How To Foster Resilience In The Burnout Epidemic

SoulAdvisor | 16 Dec 2024
How To Foster Resilience In The Burnout Epidemic

Feelings of exhaustion, disconnectedness and lack of motivation are a daily occurrence for many of us. The global pandemic has taken its toll, leading many to feel overworked and depleted to the point where our bodies are shutting down.

Yet we soldier on despite these challenges, making the risk of burnout in our modern lives immense.   

The Pandemic - Compounding Burnout

According to Arianna Huffington[1], Thrive Global Founder and CEO, the pandemic has simply exacerbated an existing and pervasive problem in our society. 

To help us gain a better understanding of the modern burnout epidemic, Arianna revisits the fascinating history of burnout in an article written for Thrive Global[2]

The concept was first introduced in the 1970s by two independent researchers, Herbert Freudenberger and Christina Maslach, a Professor of Psychology, who described the consequences of severe work-related stress. 

Today, the Maslach Burnout Inventory (MBI), developed in part by Christina Maslach, is a widely used tool to measure burnout symptoms. In 2019, the MBI framework was used by the World Health Organisation to include burnout as an ‘occupational phenomenon’ in the International Classification of Diseases and Related Health Problems. 

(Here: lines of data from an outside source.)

(* Consider the procedures $\mathrm{Solve}_\mathsf{E}$ and $\mathrm{Solve}_\mathsf{O}$ defined in the context (Algorithm 2). Let $G$ be a subgame, $p_\mathsf{E},p_\mathsf{O}$ positive integers, and $d$ a nonnegative integer not smaller than the maximal priority in $G$. If $d$ is even, the set returned by $\mathrm{Solve}_\mathsf{E}(G,d,p_\mathsf{E},p_\mathsf{O})$ (i) contains every dominion of Even in $G$ of size at most $p_\mathsf{E}$, and (ii) is disjoint from every dominion of Odd in $G$ of size at most $p_\mathsf{O}$. If $d$ is odd, the set returned by $\mathrm{Solve}_\mathsf{O}(G,d,p_\mathsf{O},p_\mathsf{E})$ (i) contains every dominion of Odd in $G$ of size at most $p_\mathsf{O}$, and (ii) is disjoint from every dominion of Even in $G$ of size at most $p_\mathsf{E}$. (In particular, all loops in the procedures terminate.)
   Context: A parity game is $\mathcal{G}=(V,V_\mathsf{E},E,\pi)$: $(V,E)$ a finite directed graph without self-loops, every vertex having a successor; $\pi\colon V\to\{1,\dots,d\}$ positive priorities; $V_\mathsf{E}$ Even's vertices, $V_\mathsf{O}=V\setminus V_\mathsf{E}$ Odd's vertices. A play is won by Even iff the highest priority seen infinitely often is even, else by Odd. A subgame is given by $G\subseteq V$ in which every vertex has a successor in $G$. A dominion of player $\wp$ in $G$ is $D\subseteq G$ such that from every $v\in D$, $\wp$ has a winning strategy in $G$ agreeing only with plays staying forever in $D$. $\mathrm{Attr}_\wp(S,G)$ is the set of vertices from which $\wp$ has a strategy in $G$ agreeing only with plays reaching $S$. Algorithm 2. $\mathrm{Solve}_\mathsf{E}(G,d,p_\mathsf{E},p_\mathsf{O})$ (for even $d$): if $G=\emptyset$ or $p_\mathsf{E}\le 1$, return $\emptyset$. Otherwise: repeat $\{N_d:=\{v\in G:\pi(v)=d\}$; $H:=G\setminus\mathrm{Attr}_\mathsf{E}(N_d,G)$; $W_\mathsf{O}:=\mathrm{Solve}_\mathsf{O}(H,d-1,\lfloor p_\mathsf{O}/2\rfloor,p_\mathsf{E})$; $G:=G\setminus\mathrm{Attr}_\mathsf{O}(W_\mathsf{O},G)\}$ until $W_\mathsf{O}=\emptyset$. Then (with $H$ from the last repeat iteration) $W_\mathsf{O}:=\mathrm{Solve}_\mathsf{O}(H,d-1,p_\mathsf{O},p_\mathsf{E})$; $G:=G\setminus\mathrm{Attr}_\mathsf{O}(W_\mathsf{O},G)$. Then while $W_\mathsf{O}\ne\emptyset$: $\{N_d:=\{v\in G:\pi(v)=d\}$; $H:=G\setminus\mathrm{Attr}_\mathsf{E}(N_d,G)$; $W_\mathsf{O}:=\mathrm{Solve}_\mathsf{O}(H,d-1,\lfloor p_\mathsf{O}/2\rfloor,p_\mathsf{E})$; $G:=G\setminus\mathrm{Attr}_\mathsf{O}(W_\mathsf{O},G)\}$. Return $G$. $\mathrm{Solve}_\mathsf{O}(G,d,p_\mathsf{O},p_\mathsf{E})$ (for odd $d$) is the dual, obtained by swapping the roles of Even and Odd: it returns $\emptyset$ if $G=\emptyset$ or $p_\mathsf{O}\le 1$; otherwise it uses $H:=G\setminus\mathrm{Attr}_\mathsf{O}(N_d,G)$, $W_\mathsf{E}:=\mathrm{Solve}_\mathsf{E}(H,d-1,\lfloor p_\mathsf{E}/2\rfloor,p_\mathsf{O})$ in both loops, $W_\mathsf{E}:=\mathrm{Solve}_\mathsf{E}(H,d-1,p_\mathsf{E},p_\mathsf{O})$ in the middle step, and updates $G:=G\setminus\mathrm{Attr}_\mathsf{E}(W_\mathsf{E},G)$. *)

theory Defs
  imports Main
begin

datatype player = Even | Odd

fun opp :: "player \<Rightarrow> player" where
  "opp Even = Odd" | "opp Odd = Even"

definition parity_game :: "'v set \<Rightarrow> 'v set \<Rightarrow> ('v \<times> 'v) set \<Rightarrow> ('v \<Rightarrow> nat) \<Rightarrow> bool" where
  "parity_game V VE E pr \<longleftrightarrow> finite V \<and> VE \<subseteq> V \<and> E \<subseteq> V \<times> V
     \<and> (\<forall>v. (v, v) \<notin> E) \<and> (\<forall>v\<in>V. \<exists>w. (v, w) \<in> E) \<and> (\<forall>v\<in>V. 1 \<le> pr v)"

definition subgame :: "'v set \<Rightarrow> ('v \<times> 'v) set \<Rightarrow> 'v set \<Rightarrow> bool" where
  "subgame V E G \<longleftrightarrow> G \<subseteq> V \<and> (\<forall>v\<in>G. \<exists>w\<in>G. (v, w) \<in> E)"

fun owns :: "'v set \<Rightarrow> player \<Rightarrow> 'v \<Rightarrow> bool" where
  "owns VE Even v = (v \<in> VE)" | "owns VE Odd v = (v \<notin> VE)"

definition play_in :: "('v \<times> 'v) set \<Rightarrow> 'v set \<Rightarrow> (nat \<Rightarrow> 'v) \<Rightarrow> bool" where
  "play_in E G \<rho> \<longleftrightarrow> (\<forall>i. \<rho> i \<in> G \<and> (\<rho> i, \<rho> (Suc i)) \<in> E)"

definition strategy_in :: "'v set \<Rightarrow> ('v \<times> 'v) set \<Rightarrow> player \<Rightarrow> 'v set \<Rightarrow> ('v list \<Rightarrow> 'v) \<Rightarrow> bool" where
  "strategy_in VE E P G \<sigma> \<longleftrightarrow>
     (\<forall>h. h \<noteq> [] \<and> last h \<in> G \<and> owns VE P (last h) \<longrightarrow> \<sigma> h \<in> G \<and> (last h, \<sigma> h) \<in> E)"

definition agrees :: "'v set \<Rightarrow> player \<Rightarrow> ('v list \<Rightarrow> 'v) \<Rightarrow> (nat \<Rightarrow> 'v) \<Rightarrow> bool" where
  "agrees VE P \<sigma> \<rho> \<longleftrightarrow> (\<forall>i. owns VE P (\<rho> i) \<longrightarrow> \<rho> (Suc i) = \<sigma> (map \<rho> [0..<Suc i]))"

definition wins :: "('v \<Rightarrow> nat) \<Rightarrow> player \<Rightarrow> (nat \<Rightarrow> 'v) \<Rightarrow> bool" where
  "wins pr P \<rho> \<longleftrightarrow> (\<exists>p. infinite {i. pr (\<rho> i) = p}
      \<and> (\<forall>q. infinite {i. pr (\<rho> i) = q} \<longrightarrow> q \<le> p) \<and> (even p \<longleftrightarrow> P = Even))"

definition attr :: "'v set \<Rightarrow> ('v \<times> 'v) set \<Rightarrow> player \<Rightarrow> 'v set \<Rightarrow> 'v set \<Rightarrow> 'v set" where
  "attr VE E P S G = {v \<in> G. \<exists>\<sigma>. strategy_in VE E P G \<sigma> \<and>
      (\<forall>\<rho>. play_in E G \<rho> \<and> \<rho> 0 = v \<and> agrees VE P \<sigma> \<rho> \<longrightarrow> (\<exists>i. \<rho> i \<in> S))}"

definition dominion :: "'v set \<Rightarrow> ('v \<times> 'v) set \<Rightarrow> ('v \<Rightarrow> nat) \<Rightarrow> player \<Rightarrow> 'v set \<Rightarrow> 'v set \<Rightarrow> bool" where
  "dominion VE E pr P G D \<longleftrightarrow> D \<subseteq> G \<and> (\<forall>v\<in>D. \<exists>\<sigma>. strategy_in VE E P G \<sigma> \<and>
      (\<forall>\<rho>. play_in E G \<rho> \<and> \<rho> 0 = v \<and> agrees VE P \<sigma> \<rho> \<longrightarrow> (\<forall>i. \<rho> i \<in> D) \<and> wins pr P \<rho>))"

Burnout will continue to be a challenge long after the pandemic ends, however, it is not something we need to feel is inevitable. 

Arianna concludes the article by leaving us with important tips for stress management and how to foster resilience in the face of burnout: 

  1. Do not start your day by looking at your phone. Instead, take a moment to set an intention or take some conscious breaths after you wake up. 

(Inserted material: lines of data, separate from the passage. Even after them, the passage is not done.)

lemma psd_cauchy_schwarz:
  assumes "psd M"
  shows "(cmod (matrix_element M v w))\<^sup>2 \<le> Re (matrix_element M v v) * Re (matrix_element M w w)"
proof (rule nonneg_quadratic_imp_le)
  define b where "b = matrix_element M v w"
  have vv: "matrix_element M v v = Re (matrix_element M v v)"
    and ww: "matrix_element M w w = Re (matrix_element M w w)"
    and wv: "matrix_element M w v = cnj b"
    using assms hermitian_matrix_element_real hermitian_matrix_element_swap
    unfolding psd_iff_matrix_element b_def by blast+
  fix s :: real
  let ?z = "- of_real s * b"
  have "0 \<le> Re (matrix_element M (\<lambda>x. ?z * v x + w x) (\<lambda>x. ?z * v x + w x))"
    using assms by (rule psd_matrix_element_nonneg)
  also have "\<dots> = Re (cnj ?z * ?z * matrix_element M v v + cnj ?z * matrix_element M v w
      + ?z * matrix_element M w v + matrix_element M w w)"
    by (simp only: matrix_element_expand)
  also have "\<dots> = s\<^sup>2 * (cmod b)\<^sup>2 * Re (matrix_element M v v) - 2 * s * (cmod b)\<^sup>2 + Re (matrix_element M w w)"
    unfolding wv b_def[symmetric] cmod_power2 by (subst vv, subst ww) (simp add: power2_eq_square algebra_simps)
  finally show "0 \<le> s\<^sup>2 * (cmod (matrix_element M v w))\<^sup>2 * Re (matrix_element M v v)
      - 2 * s * (cmod (matrix_element M v w))\<^sup>2 + Re (matrix_element M w w)"
    by (simp add: b_def)
qed (rule psd_matrix_element_nonneg[OF assms])

lemma sum_matrix_element_projection_columns:
  assumes herm: "hermitian Q" and idem: "\<And>x y. (\<Sum>z\<in>UNIV. Q x z * Q z y) = Q x y"
  shows "(\<Sum>z\<in>UNIV. matrix_element \<sigma> (\<lambda>x. Q x z) (\<lambda>x. Q x z)) = (\<Sum>x\<in>UNIV. \<Sum>y\<in>UNIV. \<sigma> x y * Q y x)"
proof -
  have "(\<Sum>z\<in>UNIV. matrix_element \<sigma> (\<lambda>x. Q x z) (\<lambda>x. Q x z))
      = (\<Sum>z\<in>UNIV. \<Sum>x\<in>UNIV. \<Sum>y\<in>UNIV. \<sigma> x y * (Q y z * Q z x))"
    using herm unfolding matrix_element_def hermitian_def
    by (intro sum.cong refl) (metis mult.commute mult.left_commute)
  also have "\<dots> = (\<Sum>x\<in>UNIV. \<Sum>y\<in>UNIV. \<Sum>z\<in>UNIV. \<sigma> x y * (Q y z * Q z x))"
    by (subst sum.swap, rule sum.cong[OF refl], rule sum.swap)
  also have "\<dots> = (\<Sum>x\<in>UNIV. \<Sum>y\<in>UNIV. \<sigma> x y * (\<Sum>z\<in>UNIV. Q y z * Q z x))"
    by (simp add: sum_distrib_left)
  finally show ?thesis
    by (simp only: idem)
qed

text \<open>Bessel's inequality: for the orthogonal projection Q = 1 - \<Sum>_i |g_i\<rangle>\<langle>g_i|, the
  nonnegative sum of the matrix elements of \<sigma> at the columns of Q is tr \<sigma> - \<Sum>_i \<langle>g_i|\<sigma>|g_i\<rangle>.\<close>

lemma psd_sum_matrix_element_le_trace:
  fixes g :: "'k \<Rightarrow> 'i::finite \<Rightarrow> complex"
  assumes "finite I" and orthonormal: "\<And>i i'. i \<in> I \<Longrightarrow> i' \<in> I \<Longrightarrow> braket (g i) (g i') = (if i = i' then 1 else 0)"
    and "psd \<sigma>"
  shows "Re (\<Sum>i\<in>I. matrix_element \<sigma> (g i) (g i)) \<le> Re (trace \<sigma>)"
proof -
  define P where "P x y = (\<Sum>i\<in>I. g i x * cnj (g i y))" for x y
  define Q where "Q x y = (if x = y then 1 else 0) - P x y" for x y
  have P_idem: "(\<Sum>z\<in>UNIV. P x z * P z y) = P x y" for x y
  proof -
    have "(\<Sum>z\<in>UNIV. P x z * P z y) = (\<Sum>z\<in>UNIV. \<Sum>i\<in>I. \<Sum>i'\<in>I. g i x * cnj (g i' y) * (cnj (g i z) * g i' z))"
      unfolding P_def sum_product by (simp add: mult_ac)
    also have "\<dots> = (\<Sum>i\<in>I. \<Sum>i'\<in>I. \<Sum>z\<in>UNIV. g i x * cnj (g i' y) * (cnj (g i z) * g i' z))"
      by (subst sum.swap, rule sum.cong[OF refl], rule sum.swap)
    also have "\<dots> = (\<Sum>i\<in>I. \<Sum>i'\<in>I. if i = i' then g i x * cnj (g i' y) else 0)"
      unfolding sum_distrib_left[symmetric] braket_def[symmetric] by (intro sum.cong refl) (simp add: orthonormal)
    also have "\<dots> = P x y"
      unfolding P_def using \<open>finite I\<close> by simp
    finally show ?thesis .
  qed
  have "hermitian Q"
    by (simp add: hermitian_def Q_def P_def cnj_sum mult.commute)
  moreover have "(\<Sum>z\<in>UNIV. Q x z * Q z y) = Q x y" for x y
  proof -
    have "Q x z * Q z y = (if x = z then Q z y else 0) - (if z = y then P x z else 0) + P x z * P z y" for z
      unfolding Q_def by (simp add: algebra_simps)
    then show ?thesis
      by (simp add: sum.distrib sum_subtractf P_idem Q_def)
  qed
  ultimately have "(\<Sum>z\<in>UNIV. matrix_element \<sigma> (\<lambda>x. Q x z) (\<lambda>x. Q x z)) = (\<Sum>x\<in>UNIV. \<Sum>y\<in>UNIV. \<sigma> x y * Q y x)"
    by (rule sum_matrix_element_projection_columns)
  also have "\<dots> = trace \<sigma> - (\<Sum>x\<in>UNIV. \<Sum>y\<in>UNIV. \<sigma> x y * P y x)"
    unfolding Q_def trace_def
    by (simp add: right_diff_distrib sum_subtractf if_distrib[of "\<lambda>z. _ * z"] cong: if_cong)
  also have "(\<Sum>x\<in>UNIV. \<Sum>y\<in>UNIV. \<sigma> x y * P y x) = (\<Sum>i\<in>I. matrix_element \<sigma> (g i) (g i))"
    unfolding P_def matrix_element_def sum_distrib_left
    by (subst sum.swap, subst (2) sum.swap) (simp add: sum.swap[where B = I] mult_ac)
  finally have "(\<Sum>z\<in>UNIV. Re (matrix_element \<sigma> (\<lambda>x. Q x z) (\<lambda>x. Q x z)))
      = Re (trace \<sigma>) - Re (\<Sum>i\<in>I. matrix_element \<sigma> (g i) (g i))"
    by (metis Re_sum minus_complex.sel)
  moreover have "0 \<le> (\<Sum>z\<in>UNIV. Re (matrix_element \<sigma> (\<lambda>x. Q x z) (\<lambda>x. Q x z)))"
    using \<open>psd \<sigma>\<close> by (intro sum_nonneg psd_matrix_element_nonneg)
  ultimately show ?thesis by simp
qed

section \<open>Pure, product and separable states\<close>

definition tensor_ket :: "('a::finite \<Rightarrow> complex) \<Rightarrow> ('b::finite \<Rightarrow> complex) \<Rightarrow> 'a \<times> 'b \<Rightarrow> complex" where
  "tensor_ket v w = (\<lambda>(a, b). v a * w b)"

lemma tensor_ket_apply [simp]: "tensor_ket v w (a, b) = v a * w b"
  by (simp add: tensor_ket_def)

lemma sum_UNIV_pair:
  "(\<Sum>x\<in>UNIV. g x) = (\<Sum>a\<in>UNIV. \<Sum>b\<in>UNIV. g (a, b))"
  by (simp add: sum.cartesian_product)

lemma braket_tensor_ket:
  "braket (tensor_ket v w) (tensor_ket v' w') = braket v v' * braket w w'"
  unfolding braket_def sum_UNIV_pair sum_product by (simp add: mult_ac)

lemma matrix_element_tensor_op:
  "matrix_element (tensor_op X Y) (tensor_ket v w) (tensor_ket v' w') =
     matrix_element X v v' * matrix_element Y w w'"
proof -
  have "matrix_element (tensor_op X Y) (tensor_ket v w) (tensor_ket v' w') =
     (\<Sum>a\<in>UNIV. \<Sum>b\<in>UNIV. \<Sum>a'\<in>UNIV. \<Sum>b'\<in>UNIV.
        (cnj (v a) * X a a' * v' a') * (cnj (w b) * Y b b' * w' b'))"
    unfolding matrix_element_def sum_UNIV_pair by (simp add: tensor_op_def mult_ac)
  also have "\<dots> = matrix_element X v v' * matrix_element Y w w'"
    unfolding matrix_element_def sum_product by (intro sum.cong refl)
  finally show ?thesis .
qed

lemma tensor_op_proj: "tensor_op (proj v) (proj w) = proj (tensor_ket v w)"
  by (auto simp: fun_eq_iff tensor_op_def proj_def)

lemma matrix_element_proj: "matrix_element (proj v) w w' = braket w v * braket v w'"
  unfolding matrix_element_def braket_def proj_def sum_product by (simp add: mult_ac)

lemma proj_double_sum:
  "proj (\<lambda>x. \<Sum>j\<in>J. \<Sum>k\<in>K. a j k * v j k x) y z =
    (\<Sum>j\<in>J. \<Sum>k\<in>K. \<Sum>j'\<in>J. \<Sum>k'\<in>K. a j k * cnj (a j' k') * (v j k y * cnj (v j' k' z)))"
  unfolding proj_def cnj_sum sum_distrib_right
  unfolding sum_distrib_left by (simp add: mult_ac)

lemma density_proj:
  assumes "braket v v = 1"
  shows "density (proj v)"
proof -
  have "hermitian (proj v)"
    by (simp add: hermitian_def proj_def mult.commute)
  moreover have "0 \<le> Re (matrix_element (proj v) w w)" for w
    by (simp add: matrix_element_proj braket_swap[of w v])
  moreover have "trace (proj v) = 1"
    using assms unfolding trace_def proj_def braket_def by (simp add: mult.commute)
  ultimately show ?thesis
    unfolding density_def psd_iff_matrix_element by blast
qed

lemma density_mixture:
  assumes "finite I" and "\<forall>i\<in>I. 0 \<le> p i \<and> density (M i)" and "(\<Sum>i\<in>I. p i) = 1"
  shows "density (\<lambda>x y. \<Sum>i\<in>I. complex_of_real (p i) * M i x y)"
proof -
  have "complex_of_real (p i) * M i x y = cnj (complex_of_real (p i) * M i y x)" if "i \<in> I" for i x y
    using assms(2) that unfolding density_def psd_def hermitian_def by (metis complex_cnj_complex_of_real complex_cnj_mult)
  then have "hermitian (\<lambda>x y. \<Sum>i\<in>I. complex_of_real (p i) * M i x y)"
    unfolding hermitian_def cnj_sum by (blast intro: sum.cong)
  moreover have "0 \<le> Re (matrix_element (\<lambda>x y. \<Sum>i\<in>I. complex_of_real (p i) * M i x y) v v)" for v
    using assms(2) unfolding matrix_element_mixture
    by (auto simp: density_def intro!: sum_nonneg mult_nonneg_nonneg psd_matrix_element_nonneg)
  moreover have "trace (\<lambda>x y. \<Sum>i\<in>I. complex_of_real (p i) * M i x y) = 1"
  proof -
    have "trace (\<lambda>x y. \<Sum>i\<in>I. complex_of_real (p i) * M i x y) = (\<Sum>i\<in>I. complex_of_real (p i) * trace (M i))"
      unfolding trace_def sum_distrib_left by (rule sum.swap)
    also have "\<dots> = 1"
      using assms(2,3) by (simp add: density_def flip: of_real_sum)
    finally show ?thesis .
  qed
  ultimately show ?thesis
    unfolding density_def psd_iff_matrix_element by blast
qed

  2. Use box-breathing techniques in moments of stress. Inhale for four counts, hold your breath for four counts, exhale for four counts and hold yourself empty for four counts. This is a powerful technique to relieve stress.

  3. Set healthy limits to media consumption. Set a time at the end of the day when you no longer read the news. This will help prepare for a good night’s rest. 

  4. Reach out to people. Offering a helping hand to others can boost well-being and put worries into perspective. 

  5. Declare an end to the working day. Turn off your phone in the evenings and consider charging it outside the bedroom. 

References

1. Arianna Huffington. Thrive Global; 2024.

2. The Fascinating History of Burnout. Thrive Global; 2020.